6. The method according to claim 4, wherein performing the relatedness computation is based on weighing parameters of one or more subsequent tasks inversely proportion to a distance associated with a similarity of the current task on the plurality of nodes.

7. The method according to claim 4, wherein the current task comprises a current route used by a plurality of public transportation vehicles and the new task comprises a new route to be used by the plurality of public transportation vehicles,

wherein the input data comprises a plurality of demands of use for transport of the current route, and

wherein performing the modularization of the neural network comprises performing the modularization of the neural network such to promote transfer of the plurality of nodes from the current route to the new route.
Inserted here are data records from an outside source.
lemma msat_gt_ipc_axiom: "ipc_axiom a \<Longrightarrow> msat R E V x (gt a)"
proof (induction rule: ipc_axiom.induct)
  case (2 a b c)
  show ?case
    unfolding msat_gt_IImp
  proof (intro allI impI)
    fix x1 x2 x3
    assume "(x, x1) \<in> R" "(x1, x2) \<in> R" "(x2, x3) \<in> R"
      and "\<forall>y. (x1, y) \<in> R \<longrightarrow> msat R E V y (gt a) \<longrightarrow>
        (\<forall>z. (y, z) \<in> R \<longrightarrow> msat R E V z (gt b) \<longrightarrow> msat R E V z (gt c))"
      and "\<forall>y. (x2, y) \<in> R \<longrightarrow> msat R E V y (gt a) \<longrightarrow> msat R E V y (gt b)"
      and "msat R E V x3 (gt a)"
    moreover have "(x3, x3) \<in> R" "(x1, x3) \<in> R"
      using R_in_Y R_refl R_trans calculation by blast+
    ultimately show "msat R E V x3 (gt c)"
      by blast
  qed
next
  case (8 a c b)
  show ?case
    unfolding msat_gt_IImp
  proof (intro allI impI)
    fix x1 x2 x3
    assume "(x, x1) \<in> R" "(x1, x2) \<in> R" "(x2, x3) \<in> R"
      and "\<forall>y. (x1, y) \<in> R \<longrightarrow> msat R E V y (gt a) \<longrightarrow> msat R E V y (gt c)"
      and "\<forall>y. (x2, y) \<in> R \<longrightarrow> msat R E V y (gt b) \<longrightarrow> msat R E V y (gt c)"
      and "msat R E V x3 (gt (IOr a b))"
    moreover have "(x3, x3) \<in> R" "(x1, x3) \<in> R"
      using R_in_Y R_refl R_trans calculation by blast+
    ultimately show "msat R E V x3 (gt c)"
      by auto
  qed
qed (simp_all add: msat_gt_IImp, (blast dest: msat_gt_R_mono)+)

lemma msat_gt_all_imp_all_all: "msat R E V x (gt (IImp (IAll ip) (IAll (IAll ip))))"
  unfolding msat_gt_IImp msat_gt_IAll
proof (intro allI impI)
  fix x1 y1 z1 y2 z2
  assume all: "\<forall>y z. (x1, y) \<in> R \<longrightarrow> (y, z) \<in> E \<longrightarrow> msat R E V z (gt ip)"
    and "(x1, y1) \<in> R" "(y1, z1) \<in> E" "(z1, y2) \<in> R" "(y2, z2) \<in> E"
  then obtain u where "(y1, u) \<in> R" "(u, y2) \<in> E"
    using E_R_commute by blast
  then have "(x1, u) \<in> R" "(u, z2) \<in> E"
    using \<open>(x1, y1) \<in> R\<close> \<open>(y2, z2) \<in> E\<close> R_trans E_trans by blast+
  then show "msat R E V z2 (gt ip)"
    using all by blast
qed

lemma msat_gt_ex_all_imp_all: "msat R E V x (gt (IImp (IEx (IAll ip)) (IAll ip)))"
  unfolding msat_gt_IImp msat_gt_IAll msat_gt_IEx
proof (intro allI impI)
  fix x1 y z
  assume "\<exists>e. (x1, e) \<in> E \<and> (\<forall>y z. (e, y) \<in> R \<longrightarrow> (y, z) \<in> E \<longrightarrow> msat R E V z (gt ip))"
    and "(x1, y) \<in> R" "(y, z) \<in> E"
  then obtain e where e: "(x1, e) \<in> E" and all: "\<forall>y z. (e, y) \<in> R \<longrightarrow> (y, z) \<in> E \<longrightarrow> msat R E V z (gt ip)"
    by blast
  obtain u where "(e, u) \<in> R" "(u, y) \<in> E"
    using E_R_commute[OF E_sym[OF e] \<open>(x1, y) \<in> R\<close>] by blast
  moreover have "(u, z) \<in> E"
    using \<open>(u, y) \<in> E\<close> \<open>(y, z) \<in> E\<close> by (rule E_trans)
  ultimately show "msat R E V z (gt ip)"
    using all by blast
qed

lemma msat_gt_ex_imp_all_ex: "msat R E V x (gt (IImp (IEx ip) (IAll (IEx ip))))"
  unfolding msat_gt_IImp msat_gt_IAll
proof (intro allI impI)
  fix x1 y z
  assume "msat R E V x1 (gt (IEx ip))" "(x1, y) \<in> R" "(y, z) \<in> E"
  then have "msat R E V y (gt (IEx ip))"
    using msat_gt_R_mono by blast
  then obtain e where "(y, e) \<in> E" "msat R E V e (gt ip)"
    unfolding msat_gt_IEx by blast
  then show "msat R E V z (gt (IEx ip))"
    unfolding msat_gt_IEx using \<open>(y, z) \<in> E\<close> E_sym E_trans by blast
qed

lemma msat_gt_mipc_axiom:
  assumes "a \<in> mipc_axioms" and "x \<in> Y"
  shows "msat R E V x (gt a)"
proof -
  have "msat R E V x (gt (IIff (IAll (IAnd ip iq)) (IAnd (IAll ip) (IAll iq))))"
    by (simp add: IIff_def) blast
  moreover have "msat R E V x (gt (IImp (IAll ip) ip))"
    using \<open>x \<in> Y\<close> by (simp add: msat_gt_IImp msat_gt_IAll) (meson R_in_Y R_refl E_refl)
  moreover have "msat R E V x (gt (IIff (IEx (IOr ip iq)) (IOr (IEx ip) (IEx iq))))"
    by (simp add: IIff_def MEx_def) blast
  moreover have "msat R E V x (gt (IImp ip (IEx ip)))"
    unfolding msat_gt_IImp msat_gt_IEx using R_in_Y E_refl by blast
  moreover have "msat R E V x (gt (IImp (IEx (IEx ip)) (IEx ip)))"
    unfolding msat_gt_IImp msat_gt_IEx using E_trans by blast
  moreover have "msat R E V x (gt (IImp (IAnd (IEx ip) (IEx iq)) (IEx (IAnd (IEx ip) iq))))"
    unfolding msat_gt_IImp gt.simps(3) msat.simps(4) msat_gt_IEx by (meson E_sym E_trans)
  ultimately show ?thesis
    using assms(1) msat_gt_all_imp_all_all msat_gt_ex_all_imp_all msat_gt_ex_imp_all_ex
    unfolding mipc_axioms_def by blast
qed

lemma msat_ms4_axiom:
  assumes "a \<in> ms4_axioms" and "x \<in> Y"
  shows "msat R E V x a"
proof -
  have "msat R E V x (MImp (MBox (MImp mp mq)) (MImp (MBox mp) (MBox mq)))"
    by simp
  moreover have "msat R E V x (MImp (MBox mp) mp)"
    using \<open>x \<in> Y\<close> by (simp add: R_refl)
  moreover have "msat R E V x (MImp (MBox mp) (MBox (MBox mp)))"
    by (simp add: R_trans)
  moreover have "msat R E V x (MImp (MAll (MImp mp mq)) (MImp (MAll mp) (MAll mq)))"
    by simp
  moreover have "msat R E V x (MImp (MAll mp) mp)"
    using \<open>x \<in> Y\<close> by (simp add: E_refl)
  moreover have "msat R E V x (MImp (MAll mp) (MAll (MAll mp)))"
    by (simp add: E_trans)
  moreover have "msat R E V x (MImp (MEx mp) (MAll (MEx mp)))"
    by (simp add: MEx_def) (meson E_sym E_trans)
  moreover have "msat R E V x (MImp (MBox (MAll mp)) (MAll (MBox mp)))"
    by simp (meson E_R_commute)
  ultimately show ?thesis
    using assms(1) unfolding ms4_axioms_def by blast
qed

lemma frame_valid_gt_MIPC_plus:
  assumes "\<forall>b\<in>Ax. frame_valid T R E (gt b)" and "MIPC_plus Ax a"
  shows "frame_valid T R E (gt a)"
  using assms(2)
proof (induction rule: MIPC_plus.induct)
  case (ipc a)
  then show ?case
    using msat_gt_ipc_axiom unfolding frame_valid_def by blast
next
  case (ax a)
  then show ?case
    using msat_gt_mipc_axiom unfolding frame_valid_def by blast
next
  case (extra a)
  then show ?case
    using assms(1) by blast
next
  case (mp a b)
  then show ?case
    using R_refl unfolding frame_valid_def msat_gt_IImp by blast
next
  case (subst a s)
  show ?case
    using subst.IH by (rule frame_valid_gt_isubst)
next
  case (nec a)
  then show ?case
    using E_in_Y unfolding frame_valid_def msat_gt_IAll by blast
qed

lemma frame_valid_MS4_plus:
  assumes "\<forall>b\<in>Ax. frame_valid T R E b" and "MS4_plus Ax a"
  shows "frame_valid T R E a"
  using assms(2)
proof (induction rule: MS4_plus.induct)
  case (taut a)
  then show ?case
    using msat_tev unfolding frame_valid_def tautology_def by metis
next
  case (ax a)
  then show ?case
    using msat_ms4_axiom unfolding frame_valid_def by blast
next
  case (extra a)
  then show ?case
    using assms(1) by blast
next
  case (mp a b)
  then show ?case
    unfolding frame_valid_def by simp
next
  case (subst a s)
  show ?case
    using subst.IH by (rule frame_valid_msubst)
next
  case (nec_box a)
  then show ?case
    using R_in_Y unfolding frame_valid_def by simp
next
  case (nec_all a)
  then show ?case
    using E_in_Y unfolding frame_valid_def by simp
qed

lemma validates_GKur_iff: "validates T R E GKur \<longleftrightarrow> frame_valid T R E (gt kuroda_axiom)"
proof
  assume "validates T R E GKur"
  moreover have "GKur (gt kuroda_axiom)"
    unfolding GKur_def Kur_def by (auto intro: MS4_plus.extra MIPC_plus.extra)
  ultimately show "frame_valid T R E (gt kuroda_axiom)"
    unfolding validates_def by blast
next
  assume "frame_valid T R E (gt kuroda_axiom)"
  then have "\<forall>b\<in>gt ` {a. Kur a}. frame_valid T R E b"
    using frame_valid_gt_MIPC_plus[of "{kuroda_axiom}"] unfolding Kur_def by blast
  then show "validates T R E GKur"
    using frame_valid_MS4_plus unfolding validates_def GKur_def by blast
qed

lemma msat_gt_not_not_at_qmax:
  assumes "e \<in> qmax Y R" and "msat R E V e (gt (INeg (INeg a)))"
  shows "msat R E V e (gt a)"
proof -
  have "(e, e) \<in> R"
    using assms(1) R_refl unfolding qmax_def by blast
  then obtain v where v: "(e, v) \<in> R" "msat R E V v (gt a)"
    using assms(2) unfolding msat_gt_INeg by blast
  then have "(v, e) \<in> R"
    using assms(1) unfolding qmax_def by blast
  then show ?thesis
    using v(2) by (rule msat_gt_R_mono)
qed

lemma frame_valid_gt_kuroda_if_E_qmax:
  assumes "E `` qmax Y R \<subseteq> qmax Y R"
  shows "frame_valid T R E (gt kuroda_axiom)"
  unfolding frame_valid_def kuroda_axiom_def msat_gt_IImp
proof (intro allI impI ballI)
  fix V x x1
  assume nn: "msat R E V x1 (gt (IAll (INeg (INeg ip))))" and "(x, x1) \<in> R"
  show "msat R E V x1 (gt (INeg (INeg (IAll ip))))"
    unfolding msat_gt_INeg
  proof (intro allI impI notI)
    fix y assume "(x1, y) \<in> R" and no_all: "\<forall>z. (y, z) \<in> R \<longrightarrow> \<not> msat R E V z (gt (IAll ip))"
    obtain m where m: "m \<in> qmax Y R" "(y, m) \<in> R"
      using ex_qmax_R_above R_in_Y \<open>(x1, y) \<in> R\<close> by blast
    have "msat R E V m (gt (IAll ip))"
      unfolding msat_gt_IAll
    proof (intro allI impI)
      fix m' e assume "(m, m') \<in> R" "(m', e) \<in> E"
      then have "e \<in> qmax Y R"
        using assms m(1) qmax_upward_closed[OF R_trans_rel R_field] by blast
      moreover have "(x1, m') \<in> R"
        using \<open>(x1, y) \<in> R\<close> m(2) \<open>(m, m') \<in> R\<close> R_trans by blast
      then have "msat R E V e (gt (INeg (INeg ip)))"
        using nn \<open>(m', e) \<in> E\<close> unfolding msat_gt_IAll by blast
      ultimately show "msat R E V e (gt ip)"
        by (rule msat_gt_not_not_at_qmax)
    qed
    then show False
      using no_all m(2) by blast
  qed
qed

definition box_dia :: "'a set \<Rightarrow> 'a set" where
  "box_dia N = {r\<in>Y. \<forall>s. (r, s) \<in> R \<longrightarrow> (\<exists>t. (s, t) \<in> R \<and> t \<in> N)}"

lemma clopenin_box_dia: "clopenin T N \<Longrightarrow> clopenin T (box_dia N)"
proof -
  assume "clopenin T N"
  moreover have "box_dia N = Y - R\<inverse> `` (Y - R\<inverse> `` N)"
    unfolding box_dia_def using R_in_Y by blast
  ultimately show ?thesis
    by (simp add: clopenin_diff clopenin_topspace clopenin_R_preimage)
qed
8. The method according to claim 4, wherein the current task is a prediction of a time for preventative maintenance of a vehicle, and

wherein the input data is collected from on-board equipment on the vehicle and comprises: a distance that the vehicle has driven, an amount of time that the vehicle has driven, status of internal sensors, and measurements of the internal sensors.

9. The method according to claim 4, wherein computing the relatedness associated with the at least two separate groups of the plurality of nodes is based on one or more parameters of previously trained neural networks and subsamples of data from one or more previous tasks.
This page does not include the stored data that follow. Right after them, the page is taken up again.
lemma submatrix_padded_extension:
  assumes "pseudomoment_on (strs_eq N k) Z"
  shows "submatrix (strs_eq N k) (padded_extension N k Z) = Z"
proof -
  have "submatrix (strs_eq N k) (padded_extension N k Z) s t = submatrix (strs_eq N k) Z s t"
    for s t
  proof (cases "s \<in> strs_eq N k \<and> t \<in> strs_eq N k")
    case True
    then have "s \<in> strs_le N k" "t \<in> strs_le N k" "length s = length t"
      using strs_eq_subset_strs_le by (auto simp: strs_eq_def)
    with True show ?thesis
      using pad_strs_eq[of s N k] pad_strs_eq[of t N k]
      by (simp add: submatrix_def padded_extension_def)
  qed (auto simp: submatrix_def)
  then show ?thesis
    using submatrix_eq_self[OF assms] by (metis ext)
qed

lemma pseudomoment_on_Nil: "pseudomoment_on {[]} (\<lambda>s t. if s = [] \<and> t = [] then 1 else 0)"
  unfolding pseudomoment_on_def psd_on_def by simp

lemma pseudomoment_on_empty_iff: "pseudomoment_on {} Z \<longleftrightarrow> Z = (\<lambda>s t. 0)"
  unfolding pseudomoment_on_def psd_on_def by auto

lemma submatrix_image_complete_pm_subset:
  "submatrix (strs_eq N (d div 2)) ` complete_pm N d \<subseteq> truncated_pm N d"
  using pseudomoment_on_submatrix[OF _ strs_eq_subset_strs_le finite_strs_le]
  by (auto simp: complete_pm_def truncated_pm_def)

lemma truncated_pm_subset_submatrix_image:
  assumes "0 < k"
  shows "truncated_pm N (2 * k) \<subseteq> submatrix (strs_eq N k) ` complete_pm N (2 * k)"
proof
  fix Z assume Z: "Z \<in> truncated_pm N (2 * k)"
  show "Z \<in> submatrix (strs_eq N k) ` complete_pm N (2 * k)"
  proof (cases "N = 0")
    case True
    \<comment> \<open>no padding symbol exists, but then only the empty string is short enough\<close>
    let ?Z\<^sub>0 = "\<lambda>s t. if s = [] \<and> t = [] then 1 else 0"
    from True have "strs_eq N k = {}" "strs_le N k = {[]}"
      using assms by (auto simp: strs_eq_def strs_le_def)
    then have "Z = submatrix (strs_eq N k) ?Z\<^sub>0" and "?Z\<^sub>0 \<in> complete_pm N (2 * k)"
      using Z pseudomoment_on_Nil
      by (simp_all add: truncated_pm_def complete_pm_def pseudomoment_on_empty_iff submatrix_def)
    then show ?thesis
      by blast
  next
    case False
    then have "padded_extension N k Z \<in> complete_pm N (2 * k)"
      and "submatrix (strs_eq N k) (padded_extension N k Z) = Z"
      using Z pseudomoment_on_padded_extension submatrix_padded_extension
      by (simp_all add: truncated_pm_def complete_pm_def)
    then show ?thesis
      by (metis image_eqI)
  qed
qed

theorem mainTheorem14:
  fixes N d :: nat
  assumes "even d" and "0 < d"
  shows "truncated_pm N d = submatrix (strs_eq N (d div 2)) ` complete_pm N d"
proof -
  obtain k where d: "d = 2 * k" and "0 < k"
    using assms by (auto elim: evenE)
  then have "truncated_pm N d \<subseteq> submatrix (strs_eq N (d div 2)) ` complete_pm N d"
    using truncated_pm_subset_submatrix_image by simp
  with submatrix_image_complete_pm_subset show ?thesis
    by (rule antisym[rotated])
qed

end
10. The method according to claim 1, wherein the neural network is an Elastic Weight Consolidation (EWC) neural network, and

wherein performing modularization of the neural network comprises performing modularization of the EWC neural network.
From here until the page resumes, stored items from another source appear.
lemma restr_Lp_bounded_fourier_mult:
  fixes \<mu> \<nu> :: "'a::euclidean_space measure"
  assumes rn: "radon_measure \<nu>" and rm: "radon_measure \<mu>"
    and K: "singular_kernel \<mu> \<nu> K" and KC: "restr_Lp_bounded p \<mu> \<nu> K C"
    and h: "integrable lborel h"
  shows "restr_Lp_bounded p \<mu> \<nu> (\<lambda>z. fourier h z * K z) ((\<integral>x. norm (h x) \<partial>lborel) * C)"
  unfolding restr_Lp_bounded_def
proof (intro allI impI)
  fix f g :: "'a \<Rightarrow> complex" assume fg: "admissible_pair f g"
  define Q where "Q = completion (\<nu> \<Otimes>\<^sub>M \<mu>)"
  define I where "I w = (\<integral>z. K z * modulate f (snd w) (snd z) * modulate g (fst w) (fst z) \<partial>Q)" for w
  define c where "c = C * Lp_norm \<mu> p f * Lp_norm \<nu> (p / (p - 1)) g"
  have I_bound: "norm (I w) \<le> c" for w
  proof -
    have "norm (I w) \<le> C * Lp_norm \<mu> p (modulate f (snd w)) * Lp_norm \<nu> (p / (p - 1)) (modulate g (fst w))"
      using KC admissible_pair_modulate[OF fg] unfolding restr_Lp_bounded_def I_def Q_def by blast
    then show ?thesis by (simp add: c_def)
  qed
  interpret Q: sigma_finite_measure Q
    unfolding Q_def by (rule sigma_finite_measure_completion_pair_radon[OF rn rm])
  interpret pair_sigma_finite lborel Q ..
  have "integrable lborel (\<lambda>w. \<integral>z. h w * (K z * modulate f (snd w) (snd z) * modulate g (fst w) (fst z)) \<partial>Q)"
    using integrable_fst'[OF integrable_fourier_kernel_product[OF rn rm K fg h, folded Q_def]] by simp
  then have hI: "integrable lborel (\<lambda>w. h w * I w)"
    unfolding I_def by (simp add: mult.assoc)
  have "norm (\<integral>z. fourier h z * K z * f (snd z) * g (fst z) \<partial>Q) = norm (\<integral>w. h w * I w \<partial>lborel)"
    unfolding I_def Q_def by (simp only: pairing_fourier_mult_kernel[OF rn rm K fg h])
  also have "\<dots> \<le> (\<integral>w. norm (h w) * c \<partial>lborel)"
  proof (rule Bochner_Integration.integral_norm_bound_integral[OF hI])
    show "integrable lborel (\<lambda>w. norm (h w) * c)" using h by (intro integrable_mult_left integrable_norm)
    show "norm (h w * I w) \<le> norm (h w) * c" for w
      unfolding norm_mult by (intro mult_left_mono I_bound norm_ge_zero)
  qed
  also have "\<dots> = (\<integral>x. norm (h x) \<partial>lborel) * C * Lp_norm \<mu> p f * Lp_norm \<nu> (p / (p - 1)) g"
    by (simp add: c_def mult.assoc)
  finally show "norm (\<integral>z. fourier h z * K z * f (snd z) * g (fst z) \<partial>completion (\<nu> \<Otimes>\<^sub>M \<mu>))
      \<le> (\<integral>x. norm (h x) \<partial>lborel) * C * Lp_norm \<mu> p f * Lp_norm \<nu> (p / (p - 1)) g"
    unfolding Q_def .
qed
11. The method according to claim 1, wherein the neural network is a Gradient Episodic Memory (GEM) neural network, and

wherein performing modularization of the neural network comprises performing modularization of the GEM neural network.

12. A system comprising one or more processors which, alone or in combination, are configured to provide for execution of a method comprising:

training a neural network based on learning a plurality of parameters associated with the neural network using input data associated with a current task, wherein the neural network comprises a plurality of layers, and wherein a first layer, of the plurality of layers, comprises a plurality of nodes; and

performing modularization of the neural network to group the plurality of nodes of the first layer into at least two separate groups.

13. The system of claim 12, wherein the one or more processors are configured to provide for execution of the method further comprising:

performing relatedness computation based on computing a relatedness associated with the at least two separate groups of the plurality of nodes; and

providing an update signal to update the neural network for a next batch of data associated with a new task.

14. The system of claim 13, wherein computing the relatedness comprises determining, for each group of the at least two separate groups, one or more discrepancies between conditional distributions of the current task and a plurality of previous tasks, and

wherein providing the update signal comprises generating the update signal based on employing the one or more determined discrepancies for training on a next batch of data associated with the new task.

15. A tangible, non-transitory computer-readable medium having instructions thereon which, upon being executed by one or more processors, alone or in combination, provide for execution of a method comprising:

training a neural network based on learning a plurality of parameters associated with the neural network using input data associated with a current task, wherein the neural network comprises a plurality of layers, and wherein a first layer, of the plurality of layers, comprises a plurality of nodes; and

performing modularization of the neural network to group the plurality of nodes of the first layer into at least two separate groups.